Task prompt —
Every record that follows must be returned word for word.
---------- Task data ----------
(* In the labelled calculus $\mathbf{G3I}$, the rules $L\prec$: from $x\prec y,\Sigma;\underline{\Gamma},x:A,y:A\Rightarrow\underline{\Delta}$ infer $x\prec y,\Sigma;\underline{\Gamma},x:A\Rightarrow\underline{\Delta}$, and $R\prec$: from $x\prec y,\Sigma;\underline{\Gamma}\Rightarrow\underline{\Delta},x:A,y:A$ infer $x\prec y,\Sigma;\underline{\Gamma}\Rightarrow\underline{\Delta},y:A$ are admissible (whenever the premiss is derivable, so is the conclusion), for arbitrary formulae $A$.
   Context: Formulae are propositional formulae built from atoms, $\bot$, $\land$, $\lor$, $\supset$; labelled formulae are $x:A$ with $x$ a label. A labelled sequent is $\Sigma;\underline{\Gamma}\Rightarrow\underline{\Delta}$ with $\Sigma$ a finite multiset of relational formulae $x\prec y$ and $\underline{\Gamma},\underline{\Delta}$ finite multisets of labelled formulae; $S$ stands for $\underline{\Gamma}\Rightarrow\underline{\Delta}$. The rules of $\mathbf{G3I}$ ($P$ atomic): Ax: $x\prec y,\Sigma;x:P,\underline{\Gamma}\Rightarrow y:P,\underline{\Delta}$; L$\bot$: $\Sigma;x:\bot,\underline{\Gamma}\Rightarrow\underline{\Delta}$; L$\land$: from $\Sigma;\underline{\Gamma},x:A,x:B\Rightarrow\underline{\Delta}$ infer $\Sigma;\underline{\Gamma},x:(A\land B)\Rightarrow\underline{\Delta}$; R$\land$: from $\Sigma;\underline{\Gamma}\Rightarrow x:A,\underline{\Delta}$ and $\Sigma;\underline{\Gamma}\Rightarrow x:B,\underline{\Delta}$ infer $\Sigma;\underline{\Gamma}\Rightarrow x:(A\land B),\underline{\Delta}$; L$\lor$: from $\Sigma;\underline{\Gamma},x:A\Rightarrow\underline{\Delta}$ and $\Sigma;\underline{\Gamma},x:B\Rightarrow\underline{\Delta}$ infer $\Sigma;\underline{\Gamma},x:(A\lor B)\Rightarrow\underline{\Delta}$; R$\lor$: from $\Sigma;\underline{\Gamma}\Rightarrow x:A,x:B,\underline{\Delta}$ infer $\Sigma;\underline{\Gamma}\Rightarrow x:(A\lor B),\underline{\Delta}$; L$\supset$: from $x\prec y,\Sigma;x:(A\supset B),\underline{\Gamma}\Rightarrow\underline{\Delta},y:A$ and $x\prec y,\Sigma;x:(A\supset B),y:B,\underline{\Gamma}\Rightarrow\underline{\Delta}$ infer $x\prec y,\Sigma;x:(A\supset B),\underline{\Gamma}\Rightarrow\underline{\Delta}$; R$\supset$: from $x\prec y,\Sigma;y:A,\underline{\Gamma}\Rightarrow\underline{\Delta},y:B$ infer $\Sigma;\underline{\Gamma}\Rightarrow\underline{\Delta},x:(A\supset B)$, with $y$ fresh; refl: from $x\prec x,\Sigma;S$ infer $\Sigma;S$; trans: from $x\prec y,y\prec z,x\prec z,\Sigma;S$ infer $x\prec y,y\prec z,\Sigma;S$. *)

theory Defs
  imports Main "HOL-Library.Multiset"
begin

datatype form = Atm nat | Bot | Conj form form | Disj form form | Imp form form

type_synonym label = nat
type_synonym rel = "label \<times> label"          (* (x,y) stands for x \<prec> y *)
type_synonym lform = "label \<times> form"         (* (x,A) stands for x : A *)

definition labels_rel :: "rel multiset \<Rightarrow> label set" where
  "labels_rel S = fst ` set_mset S \<union> snd ` set_mset S"

definition labels_fm :: "lform multiset \<Rightarrow> label set" where
  "labels_fm G = fst ` set_mset G"

inductive G3I :: "rel multiset \<Rightarrow> lform multiset \<Rightarrow> lform multiset \<Rightarrow> bool" where
  Ax: "G3I (add_mset (x,y) S) (add_mset (x, Atm P) G) (add_mset (y, Atm P) D)"
| LBot: "G3I S (add_mset (x, Bot) G) D"
| LConj: "G3I S (G + {#(x,A), (x,B)#}) D \<Longrightarrow> G3I S (add_mset (x, Conj A B) G) D"
| RConj: "G3I S G (add_mset (x,A) D) \<Longrightarrow> G3I S G (add_mset (x,B) D)
          \<Longrightarrow> G3I S G (add_mset (x, Conj A B) D)"
| LDisj: "G3I S (add_mset (x,A) G) D \<Longrightarrow> G3I S (add_mset (x,B) G) D
          \<Longrightarrow> G3I S (add_mset (x, Disj A B) G) D"
| RDisj: "G3I S G ({#(x,A), (x,B)#} + D) \<Longrightarrow> G3I S G (add_mset (x, Disj A B) D)"
| LImp: "G3I (add_mset (x,y) S) (add_mset (x, Imp A B) G) (add_mset (y,A) D)
         \<Longrightarrow> G3I (add_mset (x,y) S) (add_mset (x, Imp A B) (add_mset (y,B) G)) D
         \<Longrightarrow> G3I (add_mset (x,y) S) (add_mset (x, Imp A B) G) D"
| RImp: "y \<notin> labels_rel S \<Longrightarrow> y \<notin> labels_fm G \<Longrightarrow> y \<notin> labels_fm D \<Longrightarrow> y \<noteq> x
         \<Longrightarrow> G3I (add_mset (x,y) S) (add_mset (y,A) G) (add_mset (y,B) D)
         \<Longrightarrow> G3I S G (add_mset (x, Imp A B) D)"
| Refl: "G3I (add_mset (x,x) S) G D \<Longrightarrow> G3I S G D"
| Trans: "G3I ({#(x,y), (y,z), (x,z)#} + S) G D \<Longrightarrow> G3I ({#(x,y), (y,z)#} + S) G D"

end

theory Submission
  imports Defs
begin

text \<open>
  For an atom or an implication on the left (an atom
  or \<bottom> on the right) an induction on the derivation suffices: the extra occurrence of y : A
  (resp. x : A) can only be principal in an axiom or in L\<supset>, and there the relational atom
  x \<prec> y and the transitivity rule let the other occurrence play its part. For the remaining
  connectives the invertibility of the logical rules reduces the claim to the immediate
  subformulae. R\<prec> for B \<supset> C inverts both x : B \<supset> C and y : B \<supset> C with fresh eigenvariables
  and then identifies them; the resulting duplicates of B and C at one world are contracted by
  L\<prec> and the induction hypothesis for C, instantiated with a reflexive atom v \<prec> v.
\<close>

section \<open>Labels, substitution and weakening\<close>

lemma labels_rel_simps [simp]:
  "labels_rel {#} = {}"
  "labels_rel (add_mset (a,b) S) = insert a (insert b (labels_rel S))"
  "labels_rel (S + T) = labels_rel S \<union> labels_rel T"
  by (auto simp: labels_rel_def)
----------
Output —
(* In the labelled calculus $\mathbf{G3I}$, the rules $L\prec$: from $x\prec y,\Sigma;\underline{\Gamma},x:A,y:A\Rightarrow\underline{\Delta}$ infer $x\prec y,\Sigma;\underline{\Gamma},x:A\Rightarrow\underline{\Delta}$, and $R\prec$: from $x\prec y,\Sigma;\underline{\Gamma}\Rightarrow\underline{\Delta},x:A,y:A$ infer $x\prec y,\Sigma;\underline{\Gamma}\Rightarrow\underline{\Delta},y:A$ are admissible (whenever the premiss is derivable, so is the conclusion), for arbitrary formulae $A$.
   Context: Formulae are propositional formulae built from atoms, $\bot$, $\land$, $\lor$, $\supset$; labelled formulae are $x:A$ with $x$ a label. A labelled sequent is $\Sigma;\underline{\Gamma}\Rightarrow\underline{\Delta}$ with $\Sigma$ a finite multiset of relational formulae $x\prec y$ and $\underline{\Gamma},\underline{\Delta}$ finite multisets of labelled formulae; $S$ stands for $\underline{\Gamma}\Rightarrow\underline{\Delta}$. The rules of $\mathbf{G3I}$ ($P$ atomic): Ax: $x\prec y,\Sigma;x:P,\underline{\Gamma}\Rightarrow y:P,\underline{\Delta}$; L$\bot$: $\Sigma;x:\bot,\underline{\Gamma}\Rightarrow\underline{\Delta}$; L$\land$: from $\Sigma;\underline{\Gamma},x:A,x:B\Rightarrow\underline{\Delta}$ infer $\Sigma;\underline{\Gamma},x:(A\land B)\Rightarrow\underline{\Delta}$; R$\land$: from $\Sigma;\underline{\Gamma}\Rightarrow x:A,\underline{\Delta}$ and $\Sigma;\underline{\Gamma}\Rightarrow x:B,\underline{\Delta}$ infer $\Sigma;\underline{\Gamma}\Rightarrow x:(A\land B),\underline{\Delta}$; L$\lor$: from $\Sigma;\underline{\Gamma},x:A\Rightarrow\underline{\Delta}$ and $\Sigma;\underline{\Gamma},x:B\Rightarrow\underline{\Delta}$ infer $\Sigma;\underline{\Gamma},x:(A\lor B)\Rightarrow\underline{\Delta}$; R$\lor$: from $\Sigma;\underline{\Gamma}\Rightarrow x:A,x:B,\underline{\Delta}$ infer $\Sigma;\underline{\Gamma}\Rightarrow x:(A\lor B),\underline{\Delta}$; L$\supset$: from $x\prec y,\Sigma;x:(A\supset B),\underline{\Gamma}\Rightarrow\underline{\Delta},y:A$ and $x\prec y,\Sigma;x:(A\supset B),y:B,\underline{\Gamma}\Rightarrow\underline{\Delta}$ infer $x\prec y,\Sigma;x:(A\supset B),\underline{\Gamma}\Rightarrow\underline{\Delta}$; R$\supset$: from $x\prec y,\Sigma;y:A,\underline{\Gamma}\Rightarrow\underline{\Delta},y:B$ infer $\Sigma;\underline{\Gamma}\Rightarrow\underline{\Delta},x:(A\supset B)$, with $y$ fresh; refl: from $x\prec x,\Sigma;S$ infer $\Sigma;S$; trans: from $x\prec y,y\prec z,x\prec z,\Sigma;S$ infer $x\prec y,y\prec z,\Sigma;S$. *)

theory Defs
  imports Main "HOL-Library.Multiset"
begin

datatype form = Atm nat | Bot | Conj form form | Disj form form | Imp form form

type_synonym label = nat
type_synonym rel = "label \<times> label"          (* (x,y) stands for x \<prec> y *)
type_synonym lform = "label \<times> form"         (* (x,A) stands for x : A *)

definition labels_rel :: "rel multiset \<Rightarrow> label set" where
  "labels_rel S = fst ` set_mset S \<union> snd ` set_mset S"

definition labels_fm :: "lform multiset \<Rightarrow> label set" where
  "labels_fm G = fst ` set_mset G"

inductive G3I :: "rel multiset \<Rightarrow> lform multiset \<Rightarrow> lform multiset \<Rightarrow> bool" where
  Ax: "G3I (add_mset (x,y) S) (add_mset (x, Atm P) G) (add_mset (y, Atm P) D)"
| LBot: "G3I S (add_mset (x, Bot) G) D"
| LConj: "G3I S (G + {#(x,A), (x,B)#}) D \<Longrightarrow> G3I S (add_mset (x, Conj A B) G) D"
| RConj: "G3I S G (add_mset (x,A) D) \<Longrightarrow> G3I S G (add_mset (x,B) D)
          \<Longrightarrow> G3I S G (add_mset (x, Conj A B) D)"
| LDisj: "G3I S (add_mset (x,A) G) D \<Longrightarrow> G3I S (add_mset (x,B) G) D
          \<Longrightarrow> G3I S (add_mset (x, Disj A B) G) D"
| RDisj: "G3I S G ({#(x,A), (x,B)#} + D) \<Longrightarrow> G3I S G (add_mset (x, Disj A B) D)"
| LImp: "G3I (add_mset (x,y) S) (add_mset (x, Imp A B) G) (add_mset (y,A) D)
         \<Longrightarrow> G3I (add_mset (x,y) S) (add_mset (x, Imp A B) (add_mset (y,B) G)) D
         \<Longrightarrow> G3I (add_mset (x,y) S) (add_mset (x, Imp A B) G) D"
| RImp: "y \<notin> labels_rel S \<Longrightarrow> y \<notin> labels_fm G \<Longrightarrow> y \<notin> labels_fm D \<Longrightarrow> y \<noteq> x
         \<Longrightarrow> G3I (add_mset (x,y) S) (add_mset (y,A) G) (add_mset (y,B) D)
         \<Longrightarrow> G3I S G (add_mset (x, Imp A B) D)"
| Refl: "G3I (add_mset (x,x) S) G D \<Longrightarrow> G3I S G D"
| Trans: "G3I ({#(x,y), (y,z), (x,z)#} + S) G D \<Longrightarrow> G3I ({#(x,y), (y,z)#} + S) G D"

end

theory Submission
  imports Defs
begin

text \<open>
  For an atom or an implication on the left (an atom
  or \<bottom> on the right) an induction on the derivation suffices: the extra occurrence of y : A
  (resp. x : A) can only be principal in an axiom or in L\<supset>, and there the relational atom
  x \<prec> y and the transitivity rule let the other occurrence play its part. For the remaining
  connectives the invertibility of the logical rules reduces the claim to the immediate
  subformulae. R\<prec> for B \<supset> C inverts both x : B \<supset> C and y : B \<supset> C with fresh eigenvariables
  and then identifies them; the resulting duplicates of B and C at one world are contracted by
  L\<prec> and the induction hypothesis for C, instantiated with a reflexive atom v \<prec> v.
\<close>

section \<open>Labels, substitution and weakening\<close>

lemma labels_rel_simps [simp]:
  "labels_rel {#} = {}"
  "labels_rel (add_mset (a,b) S) = insert a (insert b (labels_rel S))"
  "labels_rel (S + T) = labels_rel S \<union> labels_rel T"
  by (auto simp: labels_rel_def)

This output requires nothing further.